* WHAT THIS TASK INVOLVES:
Below are some records; reproduce them exactly.

··········

lemma incident_edges_butlast_appendI2:
  assumes e: "e \<in> incident_edges E h" "e \<noteq> last (path_edge_list c)"
  shows "e \<in> incident_edges E (butlast c @ h)"
proof -
  obtain u where u: "u \<in> e" "u \<in> set h" using e(1) unfolding incident_edges_def by auto
  have "e \<notin> set (path_edge_list c)"
  proof
    assume ec: "e \<in> set (path_edge_list c)"
    then have "u = last c" using butlast_append_cells(3) path_edge_list_subset[OF ec] u by auto
    then show False
      using path_edge_list_at_last[OF tree_path_distinct[OF tree c(1)] ec] u(1) e(2) by blast
  qed
  then show ?thesis
    using e(1) butlast_append_cells(1,2) unfolding incident_edges_def path_edges_def by auto
qed

lemma incident_edges_butlast_append:
  "incident_edges E (butlast c @ h) =
     {e \<in> E. hd c \<in> e \<and> e \<noteq> hd (path_edge_list c)} \<union>
     (incident_edges E h - {last (path_edge_list c)})"
  (is "_ = ?S1 \<union> ?S2")
proof (intro equalityI subsetI)
  fix e
  assume e: "e \<in> incident_edges E (butlast c @ h)"
  note cells = butlast_append_cells
  have "length c \<ge> 2" using c(2) unfolding linear_path_def by simp
  note e1_en = path_edge_list_ends(1,2)[OF this]
  obtain u where u: "u \<in> e" "u \<in> set c \<union> set h"
    using e unfolding incident_edges_def cells(2) by auto
  have e_E: "e \<in> E" "e \<notin> set (path_edge_list c)" "e \<notin> set (path_edge_list h)"
    using e cells(1) unfolding incident_edges_def path_edges_def by auto
  consider "u \<in> set h" | "u = hd c" | "u \<in> set c" "u \<noteq> hd c" "u \<noteq> last c"
    using u cells(3) by blast
  then show "e \<in> ?S1 \<union> ?S2"
  proof cases
    case 1
    then show ?thesis using e_E u e1_en unfolding incident_edges_def path_edges_def by auto
  next
    case 2
    then show ?thesis using e_E u e1_en by auto
  next
    case 3
    then show ?thesis using linear_path_interior_edge[OF tree c 3 e_E(1) u(1)] e_E(2) by simp
  qed
qed (auto intro: incident_edges_butlast_appendI1 incident_edges_butlast_appendI2)

lemma incident_product_split_last_edge:
  "(\<Prod>e\<in>incident_edges E h. q_path q e h) =
     q (last (path_edge_list c)) (last c) *
     (\<Prod>e\<in>incident_edges E h - {last (path_edge_list c)}. q_path q e h)"
proof -
  let ?en = "last (path_edge_list c)"
  have en_c: "?en \<in> set (path_edge_list c)" "last c \<in> ?en"
    using c(2) path_edge_list_ends[of c] unfolding linear_path_def by auto
  moreover have "distinct (path_edge_list (butlast c @ h))" using g unfolding is_path_def by simp
  ultimately have en: "?en \<in> incident_edges E h" "last c \<in> set h"
    using c(1) butlast_append_cells(1,3) unfolding is_path_def incident_edges_def path_edges_def
    by auto
  have "finite (incident_edges E h)" using tree unfolding is_tree_def is_graph_def incident_edges_def by simp
  then show ?thesis
    using prod.remove[OF _ en(1), of "\<lambda>e. q_path q e h"] q_path_eq[OF tree h(1) en(1) en_c(2) en(2), of q]
    by simp
qed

··········

* SOLUTION:
lemma incident_edges_butlast_appendI2:
  assumes e: "e \<in> incident_edges E h" "e \<noteq> last (path_edge_list c)"
  shows "e \<in> incident_edges E (butlast c @ h)"
proof -
  obtain u where u: "u \<in> e" "u \<in> set h" using e(1) unfolding incident_edges_def by auto
  have "e \<notin> set (path_edge_list c)"
  proof
    assume ec: "e \<in> set (path_edge_list c)"
    then have "u = last c" using butlast_append_cells(3) path_edge_list_subset[OF ec] u by auto
    then show False
      using path_edge_list_at_last[OF tree_path_distinct[OF tree c(1)] ec] u(1) e(2) by blast
  qed
  then show ?thesis
    using e(1) butlast_append_cells(1,2) unfolding incident_edges_def path_edges_def by auto
qed

lemma incident_edges_butlast_append:
  "incident_edges E (butlast c @ h) =
     {e \<in> E. hd c \<in> e \<and> e \<noteq> hd (path_edge_list c)} \<union>
     (incident_edges E h - {last (path_edge_list c)})"
  (is "_ = ?S1 \<union> ?S2")
proof (intro equalityI subsetI)
  fix e
  assume e: "e \<in> incident_edges E (butlast c @ h)"
  note cells = butlast_append_cells
  have "length c \<ge> 2" using c(2) unfolding linear_path_def by simp
  note e1_en = path_edge_list_ends(1,2)[OF this]
  obtain u where u: "u \<in> e" "u \<in> set c \<union> set h"
    using e unfolding incident_edges_def cells(2) by auto
  have e_E: "e \<in> E" "e \<notin> set (path_edge_list c)" "e \<notin> set (path_edge_list h)"
    using e cells(1) unfolding incident_edges_def path_edges_def by auto
  consider "u \<in> set h" | "u = hd c" | "u \<in> set c" "u \<noteq> hd c" "u \<noteq> last c"
    using u cells(3) by blast
  then show "e \<in> ?S1 \<union> ?S2"
  proof cases
    case 1
    then show ?thesis using e_E u e1_en unfolding incident_edges_def path_edges_def by auto
  next
    case 2
    then show ?thesis using e_E u e1_en by auto
  next
    case 3
    then show ?thesis using linear_path_interior_edge[OF tree c 3 e_E(1) u(1)] e_E(2) by simp
  qed
qed (auto intro: incident_edges_butlast_appendI1 incident_edges_butlast_appendI2)

lemma incident_product_split_last_edge:
  "(\<Prod>e\<in>incident_edges E h. q_path q e h) =
     q (last (path_edge_list c)) (last c) *
     (\<Prod>e\<in>incident_edges E h - {last (path_edge_list c)}. q_path q e h)"
proof -
  let ?en = "last (path_edge_list c)"
  have en_c: "?en \<in> set (path_edge_list c)" "last c \<in> ?en"
    using c(2) path_edge_list_ends[of c] unfolding linear_path_def by auto
  moreover have "distinct (path_edge_list (butlast c @ h))" using g unfolding is_path_def by simp
  ultimately have en: "?en \<in> incident_edges E h" "last c \<in> set h"
    using c(1) butlast_append_cells(1,3) unfolding is_path_def incident_edges_def path_edges_def
    by auto
  have "finite (incident_edges E h)" using tree unfolding is_tree_def is_graph_def incident_edges_def by simp
  then show ?thesis
    using prod.remove[OF _ en(1), of "\<lambda>e. q_path q e h"] q_path_eq[OF tree h(1) en(1) en_c(2) en(2), of q]
    by simp
qed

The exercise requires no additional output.